Loans are basically of two types - one is secured loan in which the lender takes some collateral, which he can liquidate in case of non-payments and second is unsecured loan, which is given without any such collateral. Though all defaults hamper your credit report adversely, the extent of the impact may differ.
"Secured loan defaults affect an individual's credit health way more than unsecured loan defaults," says Kumar. So, if you have car loan, home loan or loan against any financial security, you must be extremely cautious in borrowing so that you do not borrow beyond your means.
"We observe that in an event of stress, a consumer would default on an unsecured product first - while protecting one's secured asset. Hence, a consumer who is defaulting on secured assets would normally be in deeper stress, so the impact on score will be corresponding. Also, secured loan defaults tend to be of a higher amount, further amplifying the impact," says Singhal. Therefore, if you make any default on your home or auto loan, it may severely impact your credit score.

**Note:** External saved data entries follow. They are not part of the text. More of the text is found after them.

(* Let $A$ be a formula in which the bound variables are pairwise distinct and distinct from the free variables. If the sequent $\vdash A$ (with empty context) has a derivation in LJ$^{+}$, then it also has a derivation in LJB.
   Context: Minimal predicate logic: terms $t ::= x \mid f(t_1,\dots,t_n)$, formulas $A ::= P(t_1,\dots,t_n)\mid A\rightarrow A\mid \forall x\,A$. Positivity: atomic formulas are positive and negative; $A\rightarrow B$ is positive (resp. negative) if $A$ is negative (resp. positive) and $B$ positive (resp. negative); $\forall x\,A$ is positive if $A$ is positive, never negative. A sequent is positive if its context formulas are negative and its right-hand side positive; both calculi below are for positive sequents. LJ$^{+}$: sequents $\Gamma\vdash A$ with $\Gamma$ a finite multiset of formulas, formulas modulo $\alpha$-equivalence; rules (L$\rightarrow$) from $\Gamma, A_1\rightarrow\dots\rightarrow A_n\rightarrow P\vdash A_i$ ($i=1..n$, $n\ge0$) infer $\Gamma, A_1\rightarrow\dots\rightarrow A_n\rightarrow P\vdash P$, $P$ atomic; (R$\forall$) from $\Gamma\vdash A$ infer $\Gamma\vdash\forall x\,A$ if $x$ not free in $\Gamma$; (R$\rightarrow$) from $\Gamma,A\vdash B$ infer $\Gamma\vdash A\rightarrow B$. LJB: an LJB-context is a finite multiset of items; an item is a formula or $[\Gamma]_V$ ($V$ a finite set of variables bound by the bracket, $\Gamma$ an LJB-context); $FV([\Gamma]_V)=FV(\Gamma)\setminus V$. Cleaning rules (anywhere in a context, contexts being multisets): $[I,\Gamma]_V\longrightarrow I,[\Gamma]_V$ if $FV(I)\cap V=\emptyset$; $[\ ]_V\longrightarrow\emptyset$; $I\,I\longrightarrow I$. This system terminates; $\Gamma{\downarrow}$ denotes the normal form of $\Gamma$ obtained with a fixed arbitrary strategy. LJB rules apply only to LJB-sequents $\Gamma\vdash A$ with $\Gamma$ in normal form and in which, in each formula, bound variables are pairwise distinct and distinct from free variables; formulas are not identified modulo $\alpha$. Rules: (L$\rightarrow$) from $\Gamma'\vdash A_1,\dots,\Gamma'\vdash A_n$ infer $\Gamma\vdash P$, where $\Gamma=\Gamma_1,[\Gamma_2,[\dots\Gamma_{i-1},[\Gamma_i, A_1\rightarrow\dots\rightarrow A_n\rightarrow P]_{V_{i-1}}\dots]_{V_2}]_{V_1}$ ($i\ge1$), $\Gamma'=([\dots[[\Gamma_1]_{V_1},\Gamma_2]_{V_2},\dots,\Gamma_{i-1}]_{V_{i-1}},\Gamma_i,A_1\rightarrow\dots\rightarrow A_n\rightarrow P){\downarrow}$, $P$ atomic with no free variable in $V_1\cup\dots\cup V_{i-1}$; (R$\forall$) from $[\Gamma]_V{\downarrow}\vdash A$ infer $\Gamma\vdash\forall x\,A$, where $V$ is the set of all variables bound in $\forall x\,A$; (R$\rightarrow$) from $(\Gamma,A){\downarrow}\vdash B$ infer $\Gamma\vdash A\rightarrow B$. *)

theory Defs
  imports Main "HOL-Library.Multiset"
begin

text \<open>Variables are natural numbers (an infinite supply); function symbols
of type 'f and predicate symbols of type 'p are arbitrary.\<close>

type_synonym var = nat

datatype 'f trm = Var var | Fn 'f "'f trm list"

datatype ('f,'p) form =
    Atom 'p "'f trm list"
  | Imp "('f,'p) form" "('f,'p) form"
  | All var "('f,'p) form"

primrec fvt :: "'f trm \<Rightarrow> var set" where
  "fvt (Var x) = {x}"
| "fvt (Fn f ts) = \<Union> (set (map fvt ts))"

How to make sure you have clean credit history
Being aware of the consequences of irresponsible borrowing is a must for keeping your credit history clean. The first thing you should do is to take only than much amount of loan, which you are confident about repaying. Once you have taken loans, you should be sincere about repayments.
"There is a need for discipline in their repayment habits. Some of these defaults may just be due to lack of disciplined payments. Hence, it is best to give standing instruction for the repayment of loans," says Singhal.
Keeping a regular track of your credit report is also a good way of ensuring that you do not have any negative surprises later on. "Regularly checking your report can help prevent potential damage occurring as a result of incorrect credit entries. It also helps you understand how you can boost your credit health and improve your chances of approval for loans or credit cards in the future," says Kumar.
In case of any deviation, it will help you take timely corrective action so that the damage is limited. "Your credit report also provides a summary of the institutions that have accessed your information. It is a way to check any unauthorised access to your report. As a consumer, if you miss a payment, there are ways to build up and improve your score by working on key factors such as credit utilisation that impacts your score," says Singhal.
Regular check of your credit report ensures that there is accuracy in it. "Consumers should stay on top of the report and ensure all information is reported correctly by their financial institutions, which could adversely affect their score. Being aware of your score enables you to access credit and will help you avoid surprises when you apply for a credit product," says Singhal.